2.7. Agarose Gel Electrophoresis

A 4% agarose gel was prepared with Tris-borate-EDTA (TBE) buffer (Promega-Cat No.: V4251, Madison, WI, USA) and GelRed (Cambridge Bioscience-Cat No.: BT41003, Cambridge, UK) (1:10,000) added to visualize the ssDNA. After making the gel, 5 μL of DNA sample was loaded with gel loading dye (1:6) and electrophoresis was performed at 100 V for 40 min in TBE buffer. The bands were observed under UV light and images of the gels captured.
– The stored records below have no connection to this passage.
(* Let $d\ge 1$ and let $\mu$ be a probability distribution on $Q_d$ such that for all $i\in[d]$ \[ w_i^0\geq \begin{cases}\frac34-\frac1{4d} & \text{if $d$ is odd},\\[2pt] \frac34-\frac1{4(d-1)} & \text{if $d$ is even}.\end{cases} \] Then $(\mathbf 0,\mathbf 0)$ is an equilibrium.
   Context: $Q_d=\{0,1\}^d$ with the Hamming distance $d(X,Y)=|\{i: x_i\neq y_i\}|$. A probability distribution on $Q_d$ is a function $\mu:Q_d\to\mathbb R_{\ge0}$ with $\sum_{V\in Q_d}\mu(V)=1$, extended to subsets by $\mu(\mathcal A)=\sum_{V\in\mathcal A}\mu(V)$. For $A,B\in Q_d$ let $V(A,B)=\{X\in Q_d: d(X,A)<d(X,B)\}$ and $T(A,B)=\{X\in Q_d: d(X,A)=d(X,B)\}$. The payoffs in position $(A,B)$ (Player 1 at $A$, Player 2 at $B$) are $P_1(A,B)=\mu(V(A,B))+\frac12\mu(T(A,B))$ and $P_2(A,B)=\mu(V(B,A))+\frac12\mu(T(A,B))$. The pair $(A,B)$ is an equilibrium if $P_1(A,B)\ge P_1(A',B)$ for all $A'\in Q_d$ and $P_2(A,B)\ge P_2(A,B')$ for all $B'\in Q_d$. For $i\in[d]$, $w_i^0=\mu(\{X\in Q_d: x_i=0\})$. $\mathbf 0=(0,\dots,0)$. *)

theory Defs
  imports Complex_Main
begin

text \<open>The hypercube Q_d: bit vectors of length d, represented as lists of booleans
  (False = 0, True = 1); coordinate i (0-based) is xs ! i.\<close>
definition cube :: "nat \<Rightarrow> bool list set" where
  "cube d = {xs. length xs = d}"

definition hdist :: "bool list \<Rightarrow> bool list \<Rightarrow> nat" where
  "hdist X Y = card {i. i < length X \<and> X ! i \<noteq> Y ! i}"

definition prob_dist :: "nat \<Rightarrow> (bool list \<Rightarrow> real) \<Rightarrow> bool" where
  "prob_dist d \<mu> \<longleftrightarrow> (\<forall>V\<in>cube d. \<mu> V \<ge> 0) \<and> (\<Sum>V\<in>cube d. \<mu> V) = 1"

definition measure_of :: "(bool list \<Rightarrow> real) \<Rightarrow> bool list set \<Rightarrow> real" where
  "measure_of \<mu> S = (\<Sum>V\<in>S. \<mu> V)"

definition Vor :: "nat \<Rightarrow> bool list \<Rightarrow> bool list \<Rightarrow> bool list set" where
  "Vor d A B = {X\<in>cube d. hdist X A < hdist X B}"

definition Tie :: "nat \<Rightarrow> bool list \<Rightarrow> bool list \<Rightarrow> bool list set" where
  "Tie d A B = {X\<in>cube d. hdist X A = hdist X B}"

definition payoff1 :: "nat \<Rightarrow> (bool list \<Rightarrow> real) \<Rightarrow> bool list \<Rightarrow> bool list \<Rightarrow> real" where
  "payoff1 d \<mu> A B = measure_of \<mu> (Vor d A B) + measure_of \<mu> (Tie d A B) / 2"

definition payoff2 :: "nat \<Rightarrow> (bool list \<Rightarrow> real) \<Rightarrow> bool list \<Rightarrow> bool list \<Rightarrow> real" where
  "payoff2 d \<mu> A B = measure_of \<mu> (Vor d B A) + measure_of \<mu> (Tie d A B) / 2"

definition equilibrium :: "nat \<Rightarrow> (bool list \<Rightarrow> real) \<Rightarrow> bool list \<Rightarrow> bool list \<Rightarrow> bool" where
  "equilibrium d \<mu> A B \<longleftrightarrow>
     (\<forall>A'\<in>cube d. payoff1 d \<mu> A B \<ge> payoff1 d \<mu> A' B) \<and>
     (\<forall>B'\<in>cube d. payoff2 d \<mu> A B \<ge> payoff2 d \<mu> A B')"

definition w0 :: "nat \<Rightarrow> (bool list \<Rightarrow> real) \<Rightarrow> nat \<Rightarrow> real" where
  "w0 d \<mu> i = measure_of \<mu> {X\<in>cube d. X ! i = False}"

definition zero_vec :: "nat \<Rightarrow> bool list" where
  "zero_vec d = replicate d False"

end

theory Submission
  imports Defs
begin

text \<open>Fix a deviation A with support S of size k and let Z X count the coordinates in S
  at which X is 0. Then X is strictly closer to A than to 0 iff 2 Z X < k, and strictly closer
  to 0 iff 2 Z X > k. As Z X \<le> k and the mean of Z is the sum of the w_i^0 over S, the
  hypothesis lifts this mean to (k + m)/2 with m = floor((k-1)/2), the midpoint between the
  largest losing value m of Z and its maximum k. A Markov-type comparison then shows that 0
  collects at least as much mass as A, so no deviation beats the payoff 1/2 at (0, 0).\<close>

lemma finite_cube: "finite (cube d)"
  unfolding cube_def using finite_lists_length_eq[of "UNIV :: bool set" d] by simp

lemma measure_of_filter_cube:
  "measure_of \<mu> {X\<in>cube d. P X} = (\<Sum>X\<in>cube d. if P X then \<mu> X else 0)"
  unfolding measure_of_def using finite_cube by (simp add: sum.inter_filter)

lemma measure_of_Vor_Vor_Tie:
  "measure_of \<mu> (Vor d A B) + measure_of \<mu> (Vor d B A) + measure_of \<mu> (Tie d A B)
     = (\<Sum>X\<in>cube d. \<mu> X)"
proof -
  have "measure_of \<mu> (Vor d A B) + measure_of \<mu> (Vor d B A) + measure_of \<mu> (Tie d A B) =
     (\<Sum>X\<in>cube d. (if hdist X A < hdist X B then \<mu> X else 0)
        + (if hdist X B < hdist X A then \<mu> X else 0)
        + (if hdist X A = hdist X B then \<mu> X else 0))"
    unfolding Vor_def Tie_def measure_of_filter_cube by (simp add: sum.distrib)
  also have "\<dots> = (\<Sum>X\<in>cube d. \<mu> X)" by (intro sum.cong) auto
  finally show ?thesis .
qed

lemma hdist_support_split:
  assumes X: "X \<in> cube d" and A: "A \<in> cube d"
  defines "S \<equiv> {i. i < d \<and> A ! i}"
  defines "Z \<equiv> card {i\<in>S. \<not> X ! i}"
  defines "W \<equiv> card {i. i < d \<and> \<not> A ! i \<and> X ! i}"
  shows "hdist X A = Z + W" and "hdist X (zero_vec d) = (card S - Z) + W" and "Z \<le> card S"
proof -
  have len: "length X = d" using X by (simp add: cube_def)
  have fin: "finite S" unfolding S_def by simp
  have diff_A: "{i. i < length X \<and> X ! i \<noteq> A ! i}
      = {i\<in>S. \<not> X ! i} \<union> {i. i < d \<and> \<not> A ! i \<and> X ! i}"
    using len unfolding S_def by auto
  show "hdist X A = Z + W"
    unfolding hdist_def diff_A Z_def W_def by (subst card_Un_disjoint) (auto simp: S_def)
  have diff_0: "{i. i < length X \<and> X ! i \<noteq> zero_vec d ! i}
      = {i\<in>S. X ! i} \<union> {i. i < d \<and> \<not> A ! i \<and> X ! i}"
    using len unfolding S_def zero_vec_def by auto
  have "S = {i\<in>S. X ! i} \<union> {i\<in>S. \<not> X ! i}" by auto
  then have "card S = card {i\<in>S. X ! i} + Z"
    unfolding Z_def using fin by (metis (no_types, lifting) card_Un_disjoint disjoint_iff finite_Un mem_Collect_eq)
  then have ones: "card {i\<in>S. X ! i} = card S - Z" by simp
  show "hdist X (zero_vec d) = (card S - Z) + W"
    unfolding hdist_def diff_0 W_def ones[symmetric] by (subst card_Un_disjoint) (auto simp: S_def)
  show "Z \<le> card S" unfolding Z_def using fin by (intro card_mono) auto
qed

lemma sum_w0_eq_sum_card_zeros:
  assumes "finite S"
  shows "(\<Sum>i\<in>S. w0 d \<mu> i) = (\<Sum>X\<in>cube d. \<mu> X * real (card {i\<in>S. \<not> X ! i}))"
proof -
  have "(\<Sum>i\<in>S. w0 d \<mu> i) = (\<Sum>i\<in>S. \<Sum>X\<in>cube d. if \<not> X ! i then \<mu> X else 0)"
    unfolding w0_def by (simp add: measure_of_filter_cube)
  also have "\<dots> = (\<Sum>X\<in>cube d. \<Sum>i\<in>S. if \<not> X ! i then \<mu> X else 0)"
    by (rule sum.swap)
  also have "\<dots> = (\<Sum>X\<in>cube d. \<mu> X * real (card {i\<in>S. \<not> X ! i}))"
    using assms by (simp add: sum.inter_filter[symmetric] mult.commute)
  finally show ?thesis .
qed

definition majority_threshold :: "nat \<Rightarrow> real" where
  "majority_threshold k = (real k + real ((k - 1) div 2)) / 2"

lemma majority_threshold_le:
  fixes k d :: nat
  assumes "1 \<le> k" "k \<le> d"
  shows "majority_threshold k \<le>
     real k * (if odd d then 3/4 - 1/(4 * real d) else 3/4 - 1/(4 * (real d - 1)))"
proof -
  define c where "c = (if odd d then 3/4 - 1/(4 * real d) else 3/4 - 1/(4 * (real d - 1)))"
  show ?thesis
  proof (cases "odd k")
    case True
    then obtain j where j: "k = 2 * j + 1" by (metis oddE)
    have "1/(4 * real d) \<le> 1/(4 * real k)" if "odd d"
      using assms by (intro frac_le) auto
    moreover have "1/(4 * (real d - 1)) \<le> 1/(4 * real k)" if "even d"
    proof -
      have "real k \<le> real d - 1" using assms True that by (cases "k = d") auto
      then show ?thesis using assms by (intro frac_le) auto
    qed
    ultimately have "3/4 - 1/(4 * real k) \<le> c" unfolding c_def by auto
    moreover have "majority_threshold k = real k * (3/4 - 1/(4 * real k))"
      using j by (simp add: majority_threshold_def field_simps)
    ultimately show ?thesis unfolding c_def[symmetric] using assms by (simp add: mult_left_mono)
  next
    case False
    then obtain j where "k = 2 * j" by (metis evenE not_not)
    with assms have j: "k = 2 * j" "j \<ge> 1" by auto
    have "1/(4 * real d) \<le> 1/(2 * real k)" if "odd d"
      using assms by (intro frac_le) auto
    moreover have "1/(4 * (real d - 1)) \<le> 1/(2 * real k)" if "even d"
      using assms j by (intro frac_le) auto
    ultimately have "3/4 - 1/(2 * real k) \<le> c" unfolding c_def by auto
    moreover have "(k - 1) div 2 = j - 1" using j by presburger
    then have "majority_threshold k = real k * (3/4 - 1/(2 * real k))"
      using j by (simp add: majority_threshold_def field_simps of_nat_diff)
    ultimately show ?thesis unfolding c_def[symmetric] using assms by (simp add: mult_left_mono)
  qed
qed

text \<open>The step function on the right is -(k - m)/2, 0, (k - m)/2 according as 2 z <, =, > k,
  where m = (k - 1) div 2; the bound is tight at z = m and z = k, since 2 z < k iff z \<le> m.\<close>

lemma sub_majority_threshold_le_step:
  fixes z k :: nat
  assumes "z \<le> k"
  shows "real z - majority_threshold k
    \<le> (real k - real ((k - 1) div 2)) / 2 * (of_bool (k < 2 * z) - of_bool (2 * z < k))"
proof -
  consider "2 * z < k" | "2 * z = k" | "k < 2 * z" by linarith
  then show ?thesis
  proof cases
    case 1
    then have "z \<le> (k - 1) div 2" by linarith
    then show ?thesis using 1 by (simp add: majority_threshold_def field_simps)
  next
    case 2
    then have "2 * real z = real k" by (metis of_nat_mult of_nat_numeral)
    then show ?thesis using 2 by (simp add: majority_threshold_def)
  next
    case 3
    then show ?thesis using assms by (simp add: majority_threshold_def field_simps)
  qed
qed

lemma majority_mass_le_of_mean:
  fixes \<mu> :: "'a \<Rightarrow> real" and Z :: "'a \<Rightarrow> nat"
  assumes fin: "finite C" and nonneg: "\<And>x. x \<in> C \<Longrightarrow> 0 \<le> \<mu> x"
    and bounded: "\<And>x. x \<in> C \<Longrightarrow> Z x \<le> k"
    and mean: "majority_threshold k * (\<Sum>x\<in>C. \<mu> x) \<le> (\<Sum>x\<in>C. \<mu> x * real (Z x))"
  shows "(\<Sum>x\<in>{x\<in>C. 2 * Z x < k}. \<mu> x) \<le> (\<Sum>x\<in>{x\<in>C. k < 2 * Z x}. \<mu> x)"
proof (cases "k = 0")
  case True
  then show ?thesis using nonneg by (auto intro: sum_nonneg)
next
  case False
  define \<alpha> where "\<alpha> = (real k - real ((k - 1) div 2)) / 2"
  have "(k - 1) div 2 < k" using False by simp
  then have "\<alpha> > 0" unfolding \<alpha>_def by simp
  have "(\<Sum>x\<in>C. \<mu> x * (real (Z x) - majority_threshold k))
      = (\<Sum>x\<in>C. \<mu> x * real (Z x)) - (\<Sum>x\<in>C. \<mu> x) * majority_threshold k"
    by (simp only: right_diff_distrib sum_subtractf sum_distrib_right)
  then have "0 \<le> (\<Sum>x\<in>C. \<mu> x * (real (Z x) - majority_threshold k))"
    using mean by (simp add: mult.commute)
  also have "\<dots> \<le> (\<Sum>x\<in>C. \<mu> x * (\<alpha> * (of_bool (k < 2 * Z x) - of_bool (2 * Z x < k))))"
    unfolding \<alpha>_def by (intro sum_mono mult_left_mono sub_majority_threshold_le_step bounded nonneg)
  also have "\<dots> = \<alpha> * ((\<Sum>x\<in>{x\<in>C. k < 2 * Z x}. \<mu> x) - (\<Sum>x\<in>{x\<in>C. 2 * Z x < k}. \<mu> x))"
  proof -
    have "(\<Sum>x\<in>C. \<mu> x * (\<alpha> * (of_bool (k < 2 * Z x) - of_bool (2 * Z x < k))))
        = (\<Sum>x\<in>C. \<alpha> * (if k < 2 * Z x then \<mu> x else 0) - \<alpha> * (if 2 * Z x < k then \<mu> x else 0))"
      by (intro sum.cong) auto
    also have "\<dots> = \<alpha> * (\<Sum>x\<in>C. if k < 2 * Z x then \<mu> x else 0)
        - \<alpha> * (\<Sum>x\<in>C. if 2 * Z x < k then \<mu> x else 0)"
      by (simp only: sum_subtractf sum_distrib_left)
    finally show ?thesis
      using fin by (simp only: sum.inter_filter right_diff_distrib)
  qed
  finally show ?thesis using \<open>\<alpha> > 0\<close> by (simp add: zero_le_mult_iff)
qed

lemma measure_of_Vor_le_Vor_zero_vec:
  assumes pd: "prob_dist d \<mu>"
    and w: "\<forall>i<d. w0 d \<mu> i \<ge>
           (if odd d then 3/4 - 1/(4 * real d) else 3/4 - 1/(4 * (real d - 1)))"
    and A: "A \<in> cube d"
  shows "measure_of \<mu> (Vor d A (zero_vec d)) \<le> measure_of \<mu> (Vor d (zero_vec d) A)"
proof -
  define S where "S = {i. i < d \<and> A ! i}"
  define k where "k = card S"
  define Z where "Z X = card {i\<in>S. \<not> X ! i}" for X
  have "finite S" unfolding S_def by simp
  have kd: "k \<le> d"
    unfolding k_def using card_mono[of "{..<d}" S] by (auto simp: S_def)
  have nonneg: "\<And>X. X \<in> cube d \<Longrightarrow> 0 \<le> \<mu> X" and total: "(\<Sum>X\<in>cube d. \<mu> X) = 1"
    using pd unfolding prob_dist_def by auto
  have Z_le: "Z X \<le> k" and closer_A: "hdist X A < hdist X (zero_vec d) \<longleftrightarrow> 2 * Z X < k"
    and closer_0: "hdist X (zero_vec d) < hdist X A \<longleftrightarrow> k < 2 * Z X" if "X \<in> cube d" for X
    using hdist_support_split[OF that A] unfolding Z_def k_def S_def by linarith+
  have Vor_A: "Vor d A (zero_vec d) = {X\<in>cube d. 2 * Z X < k}"
    unfolding Vor_def using closer_A by blast
  have Vor_0: "Vor d (zero_vec d) A = {X\<in>cube d. k < 2 * Z X}"
    unfolding Vor_def using closer_0 by blast
  have "majority_threshold k \<le> (\<Sum>i\<in>S. w0 d \<mu> i)"
  proof (cases "k = 0")
    case True
    then show ?thesis using \<open>finite S\<close> unfolding k_def by (simp add: majority_threshold_def)
  next
    case False
    have "majority_threshold k
        \<le> real k * (if odd d then 3/4 - 1/(4 * real d) else 3/4 - 1/(4 * (real d - 1)))"
      using False kd by (intro majority_threshold_le) auto
    also have "\<dots> \<le> (\<Sum>i\<in>S. w0 d \<mu> i)"
      unfolding k_def using w by (simp only: sum_constant[symmetric]) (intro sum_mono, simp add: S_def)
    finally show ?thesis .
  qed
  also have "\<dots> = (\<Sum>X\<in>cube d. \<mu> X * real (Z X))"
    unfolding Z_def using \<open>finite S\<close> by (rule sum_w0_eq_sum_card_zeros)
  finally show ?thesis
    unfolding Vor_A Vor_0 measure_of_def
    using majority_mass_le_of_mean[OF finite_cube nonneg Z_le] total by simp
qed

theorem mainTheorem2:
  fixes d :: nat and \<mu> :: "bool list \<Rightarrow> real"
  assumes "d \<ge> 1"
    and "prob_dist d \<mu>"
    and "\<forall>i<d. w0 d \<mu> i \<ge>
           (if odd d then 3/4 - 1/(4 * real d) else 3/4 - 1/(4 * (real d - 1)))"
  shows "equilibrium d \<mu> (zero_vec d) (zero_vec d)"
proof -
  have total: "(\<Sum>X\<in>cube d. \<mu> X) = 1" using assms(2) unfolding prob_dist_def by auto
  have at_origin: "payoff1 d \<mu> (zero_vec d) (zero_vec d) = 1/2"
    "payoff2 d \<mu> (zero_vec d) (zero_vec d) = 1/2"
    unfolding payoff1_def payoff2_def Vor_def Tie_def measure_of_def using total by auto
  have deviation: "measure_of \<mu> (Vor d A (zero_vec d)) + measure_of \<mu> (Tie d A (zero_vec d)) / 2 \<le> 1/2"
    if "A \<in> cube d" for A
    using measure_of_Vor_le_Vor_zero_vec[OF assms(2,3) that]
      measure_of_Vor_Vor_Tie[of \<mu> d A "zero_vec d"] total by linarith
  have Tie_sym: "Tie d (zero_vec d) B = Tie d B (zero_vec d)" for B unfolding Tie_def by auto
  show ?thesis
    unfolding equilibrium_def at_origin
    using deviation unfolding payoff1_def payoff2_def Tie_sym by auto
qed

end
2.8. Experimental Design and SELEX Procedure

The ssDNA library pool was prepared by adding 50 μL of 100 μM (5 nmol) DNA libraries to 500 μL of PBS, mixed and heated at 95 °C for 5 min. The resulting mixture was snap-cooled on ice and kept on ice until ready to use later the same day.
The aptamer library and the target molecules (bacteria and PBP2A) were incubated in 1 mL PBS for 30 min at 37 °C on a rotary shaker. After incubation, unbound aptamer was removed by washing three times in PBS and centrifuged at 13,000× g for 1 min at 4 °C. Then we discarded the supernatants. The pellet mixture was mixed in DNase-free water and heated at 95 °C for 10 min, centrifuged at 13,000× g for 5 min, and supernatant containing eluted DNA was collected for PCR amplification.
MRSA-aptamer:
The SELEX procedure was carried out independently against MRSA (ATCC252), MSSA (ATCC 25923), PAO1-Pseudomonas aeruginosa, Kebsiella pneumoniae (ATCC BAA1706), E. coli (ATCC 25922), and alveolar epithelial cell line (A549) for five rounds without counter selection. These ssDNA aptamers were sequenced using an Ion Torrent sequencing method. We attempted to eliminate non-specific aptamers at the sequence level; the sequenced data were carefully analysed and common sequences shared with the other bacteria were eliminated.
PBP2A-aptamer:
SELEX was carried out against PBP2A protein (0.1 mg/mL) coated Ni-NTA Agarose beads (Qiagen-Cat No.: 30210, Hilden, Germany) and 15 SELEX rounds were carried out before Ion Torrent sequencing with counter selection against BSA and FBS.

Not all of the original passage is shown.